Еще только занималось утро, и улица была пустынна. На площади тоже не было ни души. Перейдя на другую сторону, я быстро зашагал по направлению платной конюшни. Мои шаги гулко отдавались в тишине.
Фонарь в конюшне горел еле-еле, и мои глаза некоторое время привыкали к полумраку. Лошадь, увидев меня, тихонько заржала. Я оседлал ее, привязал к седлу сумки и всунул винчестер в седельную кобуру.
Эту лошадь я взял напрокат, ведь я приехал сюда на дилижансе и своей лошади у меня не было. Первым делом теперь необходимо купить себе коня.
Сев в седло, я выехал на пыльную улицу и поскакал по Мейн-стрит.
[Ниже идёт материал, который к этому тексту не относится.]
lemma value_some_kernel_restrict_class:
  "a \<in> A \<Longrightarrow> f (SOME x. x \<in> (Restr (kernel f) A) `` {a}) = f a"
  using some_in_quotient[OF equiv_kernel_restrict quotientI, of a A f]
  by (simp add: kernel_restrict_Image)

lemma bij_betw_quotient_kernel_restrict:
  "bij_betw (\<lambda>X. f (SOME x. x \<in> X)) (A // (Restr (kernel f) A)) (f ` A)"
proof (rule bij_betw_imageI)
  show "inj_on (\<lambda>X. f (SOME x. x \<in> X)) (A // (Restr (kernel f) A))"
  proof (rule inj_onI)
    fix X Y
    assume "X \<in> A // (Restr (kernel f) A)" "Y \<in> A // (Restr (kernel f) A)"
      and eq: "f (SOME x. x \<in> X) = f (SOME x. x \<in> Y)"
    then obtain a b where "a \<in> A" "X = (Restr (kernel f) A) `` {a}"
      and "b \<in> A" "Y = (Restr (kernel f) A) `` {b}"
      by (auto elim!: quotientE)
    moreover from this have "f a = f b" using eq value_some_kernel_restrict_class by metis
    ultimately show "X = Y" by (simp add: kernel_restrict_Image)
  qed
  have "A // Restr (kernel f) A = (\<lambda>a. Restr (kernel f) A `` {a}) ` A"
    by (simp add: proj_image[symmetric] proj_def)
  then have "(\<lambda>X. f (SOME x. x \<in> X)) ` (A // (Restr (kernel f) A))
      = (\<lambda>a. f (SOME x. x \<in> Restr (kernel f) A `` {a})) ` A"
    by (simp only: image_image)
  also have "\<dots> = f ` A"
    by (intro image_cong refl value_some_kernel_restrict_class)
  finally show "(\<lambda>X. f (SOME x. x \<in> X)) ` (A // (Restr (kernel f) A)) = f ` A" .
qed

lemma lmod_idem_iff:
  fixes e :: "'a::ring"
  assumes "e * e = e"
  shows "x \<in> lmod e \<longleftrightarrow> x * e = x"
proof
  assume "x \<in> lmod e"
  then obtain r where "x = r * e" by (auto simp: lmod_def)
  then show "x * e = x" using assms by (simp add: mult.assoc)
next
  assume "x * e = x"
  then show "x \<in> lmod e" unfolding lmod_def by (metis (mono_tags, lifting) mem_Collect_eq)
qed

lemma corner_idem_iff:
  fixes e :: "'a::ring"
  assumes "e * e = e"
  shows "c \<in> corner e \<longleftrightarrow> e * c = c \<and> c * e = c"
proof
  assume "c \<in> corner e"
  then obtain r where c: "c = e * r * e" by (auto simp: corner_def)
  then show "e * c = c \<and> c * e = c" using assms by (metis mult.assoc)
next
  assume "e * c = c \<and> c * e = c"
  then have "c = e * c * e" by simp
  then show "c \<in> corner e" unfolding corner_def by blast
qed

lemma corner_add:
  fixes e :: "'a::ring"
  assumes "e * e = e" "a \<in> corner e" "b \<in> corner e"
  shows "a + b \<in> corner e"
  using assms by (simp add: corner_idem_iff distrib_left distrib_right)

lemma corner_mult:
  fixes e :: "'a::ring"
  assumes "e * e = e" "a \<in> corner e" "b \<in> corner e"
  shows "a * b \<in> corner e"
  using assms by (metis corner_idem_iff mult.assoc)

lemma corner_mono:
  fixes e k :: "'a::ring"
  assumes "e * e = e" "k * k = k" "e * k = e" "k * e = e"
  shows "corner e \<subseteq> corner k"
proof
  fix c assume "c \<in> corner e"
  then have c: "e * c = c" "c * e = c" using assms(1) corner_idem_iff by blast+
  have "k * c = c" by (metis c(1) assms(4) mult.assoc)
  moreover have "c * k = c" by (metis c(2) assms(3) mult.assoc)
  ultimately show "c \<in> corner k" using assms(2) corner_idem_iff by blast
qed

lemma lle_ljoin:
  fixes e f :: "'a::ring"
  assumes "e * e = e" "f * f = f" "e * f = f * e"
  shows "lle e (ljoin e f)" "lle f (ljoin e f)"
proof -
  have "e * (e * f) = e * f" "f * (e * f) = e * f"
    using assms by (metis mult.assoc)+
  then show "lle e (ljoin e f)" "lle f (ljoin e f)"
    using assms by (simp_all add: lle_def ljoin_def algebra_simps)
qed

definition right_mult :: "'a::ring \<Rightarrow> 'a \<Rightarrow> 'a \<Rightarrow> 'a" where
  "right_mult e c = (\<lambda>x. if x \<in> lmod e then x * c else 0)"

lemma endo_apply_eq_mult:
  fixes e :: "'a::ring"
  assumes "e * e = e" "f \<in> endo e" "x \<in> lmod e"
  shows "f x = x * f e"
proof -
  have "e \<in> lmod e" using assms(1) lmod_idem_iff by blast
  then have "f (x * e) = x * f e" using assms(2) by (simp add: endo_def)
  then show ?thesis using assms lmod_idem_iff by metis
qed

lemma endo_apply_unit_in_corner:
  fixes e :: "'a::ring"
  assumes "e * e = e" "f \<in> endo e"
  shows "f e \<in> corner e"
proof -
  have e: "e \<in> lmod e" using assms(1) lmod_idem_iff by blast
  then have "f e \<in> lmod e" using assms(2) by (simp add: endo_def)
  then have "f e * e = f e" using assms(1) lmod_idem_iff by blast
  moreover have "f (e * e) = e * f e" using assms(2) e by (simp add: endo_def)
  ultimately show ?thesis using assms(1) corner_idem_iff by metis
qed

lemma endo_eq_right_mult:
  fixes e :: "'a::ring"
  assumes "e * e = e" "f \<in> endo e"
  shows "f = right_mult e (f e)"
  using endo_apply_eq_mult[OF assms] assms(2) by (auto simp: right_mult_def endo_def)

lemma right_mult_in_endo:
  fixes e :: "'a::ring"
  assumes "e * e = e" "c \<in> corner e"
  shows "right_mult e c \<in> endo e"
proof -
  have "c * e = c" using assms corner_idem_iff by blast
  then have "x \<in> lmod e \<Longrightarrow> x * c \<in> lmod e" for x
    using assms(1) lmod_idem_iff by (metis mult.assoc)
  moreover have "x \<in> lmod e \<Longrightarrow> r * x \<in> lmod e" for x r
    using assms(1) lmod_idem_iff by (metis mult.assoc)
  moreover have "x \<in> lmod e \<Longrightarrow> y \<in> lmod e \<Longrightarrow> x + y \<in> lmod e" for x y
    using assms(1) lmod_idem_iff by (metis distrib_right)
  ultimately show ?thesis
    unfolding endo_def right_mult_def by (auto simp: distrib_right mult.assoc)
qed

lemma right_mult_apply_unit:
  fixes e :: "'a::ring"
  assumes "e * e = e" "c \<in> corner e"
  shows "right_mult e c e = c"
  using assms by (simp add: right_mult_def lmod_idem_iff corner_idem_iff)

lemma bij_betw_endo_corner:
  fixes e :: "'a::ring"
  assumes "e * e = e"
  shows "bij_betw (\<lambda>f. f e) (endo e) (corner e)"
proof (rule bij_betw_imageI)
  show "inj_on (\<lambda>f. f e) (endo e)"
    by (rule inj_onI) (metis endo_eq_right_mult[OF assms])
  show "(\<lambda>f. f e) ` endo e = corner e"
  proof (intro subset_antisym subsetI)
    fix c assume "c \<in> corner e"
    then show "c \<in> (\<lambda>f. f e) ` endo e"
      using right_mult_in_endo[OF assms] right_mult_apply_unit[OF assms]
      by (metis image_eqI)
  qed (use endo_apply_unit_in_corner[OF assms] in blast)
qed

lemma endo_add_right_mult:
  "endo_add (right_mult e a) (right_mult e b) = right_mult e (a + b)"
  by (auto simp: endo_add_def right_mult_def distrib_left)

lemma endo_opmult_right_mult:
  fixes e :: "'a::ring"
  assumes "e * e = e" "a \<in> corner e"
  shows "endo_opmult (right_mult e a) (right_mult e b) = right_mult e (a * b)"
proof
  fix x
  have "a * e = a" using assms corner_idem_iff by blast
  then have "x \<in> lmod e \<Longrightarrow> x * a \<in> lmod e" using assms(1) lmod_idem_iff by (metis mult.assoc)
  moreover have "0 \<in> lmod e" using lmod_idem_iff[OF assms(1), of 0] by simp
  ultimately show "endo_opmult (right_mult e a) (right_mult e b) x = right_mult e (a * b) x"
    by (auto simp: endo_opmult_def right_mult_def mult.assoc)
qed

lemma endo_opmult_apply_unit:
  fixes e :: "'a::ring"
  assumes "e * e = e" "f \<in> endo e" "g \<in> endo e"
  shows "endo_opmult f g e = f e * g e"
proof -
  have "f e \<in> lmod e"
    using endo_apply_unit_in_corner[OF assms(1,2)] corner_idem_iff lmod_idem_iff assms(1) by blast
  then show ?thesis using endo_apply_eq_mult[OF assms(1,3)] by (simp add: endo_opmult_def)
qed

lemma endo_id_eq_right_mult:
  fixes e :: "'a::ring"
  assumes "e * e = e"
  shows "endo_id e = right_mult e e"
  using assms by (auto simp: endo_id_def right_mult_def lmod_idem_iff)

lemma phi_eq_right_mult:
  fixes e k :: "'a::ring"
  assumes "e * e = e" "f \<in> endo e"
  shows "phi e k f = right_mult k (f e)"
proof
  fix x
  have "x * e \<in> lmod e" using assms(1) lmod_idem_iff by (metis mult.assoc)
  then have "f (x * e) = x * e * f e" using endo_apply_eq_mult assms by blast
  also have "\<dots> = x * f e"
    using endo_apply_unit_in_corner[OF assms] corner_idem_iff[OF assms(1)] by (metis mult.assoc)
  finally show "phi e k f x = right_mult k (f e) x" by (simp add: phi_def right_mult_def)
qed

definition unit_value :: "'a \<times> ('a \<Rightarrow> 'a) \<Rightarrow> 'a" where
  "unit_value = (\<lambda>(e, f). f e)"

definition dl_value :: "('a \<times> ('a \<Rightarrow> 'a)) set \<Rightarrow> 'a" where
  "dl_value X = unit_value (SOME p. p \<in> X)"

locale join_closed_idempotents =
  fixes U :: "'a::ring set"
  assumes idem: "e \<in> U \<Longrightarrow> e * e = e"
    and commute: "e \<in> U \<Longrightarrow> f \<in> U \<Longrightarrow> e * f = f * e"
    and ljoin_closed: "e \<in> U \<Longrightarrow> f \<in> U \<Longrightarrow> ljoin e f \<in> U"
begin

lemma lle_left_mult_eq: "e \<in> U \<Longrightarrow> k \<in> U \<Longrightarrow> lle e k \<Longrightarrow> k * e = e"
  using commute by (simp add: lle_def)

lemma lle_ljoin_in:
  assumes "e \<in> U" "f \<in> U"
  shows "lle e (ljoin e f)" "lle f (ljoin e f)"
  using lle_ljoin[OF idem[OF assms(1)] idem[OF assms(2)] commute[OF assms]] .

lemma corner_mono_lle:
  assumes "e \<in> U" "k \<in> U" "lle e k"
  shows "corner e \<subseteq> corner k"
  using corner_mono[OF idem[OF assms(1)] idem[OF assms(2)]] lle_left_mult_eq[OF assms] assms(3)
  by (simp add: lle_def)

lemma phi_in_endo:
  assumes "e \<in> U" "k \<in> U" "lle e k" "f \<in> endo e"
  shows "phi e k f \<in> endo k" "phi e k f k = f e"
proof -
  have "f e \<in> corner k"
    using corner_mono_lle endo_apply_unit_in_corner[OF idem] assms by blast
  then show "phi e k f \<in> endo k" "phi e k f k = f e"
    using phi_eq_right_mult[OF idem] right_mult_in_endo[OF idem] right_mult_apply_unit[OF idem]
      assms by simp_all
qed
По дну сточной канавы, тянувшейся вдоль нее, тонкой струйкой бежала вода.
По Мейн-стрит двигался фургон, поливавший мостовую, чтобы прибить пыль. Больше никого не было. Я оказался в том районе, где всадники встречаются редко, а проехав еще немного, свернул на дорогу, проложенную вдоль старой индейской тропы, шедшей на запад, в город Санта-Моника. Несколько минут я наблюдал, не появится ли кто-нибудь на улице, но она была пустынна.
Меня окружали сады из апельсиновых и оливковых деревьев. Я утешал себя мыслью, что вряд ли Боб или те, кого он послал напасть на меня, смогли бы там спрятаться, но на душе у меня было неспокойно.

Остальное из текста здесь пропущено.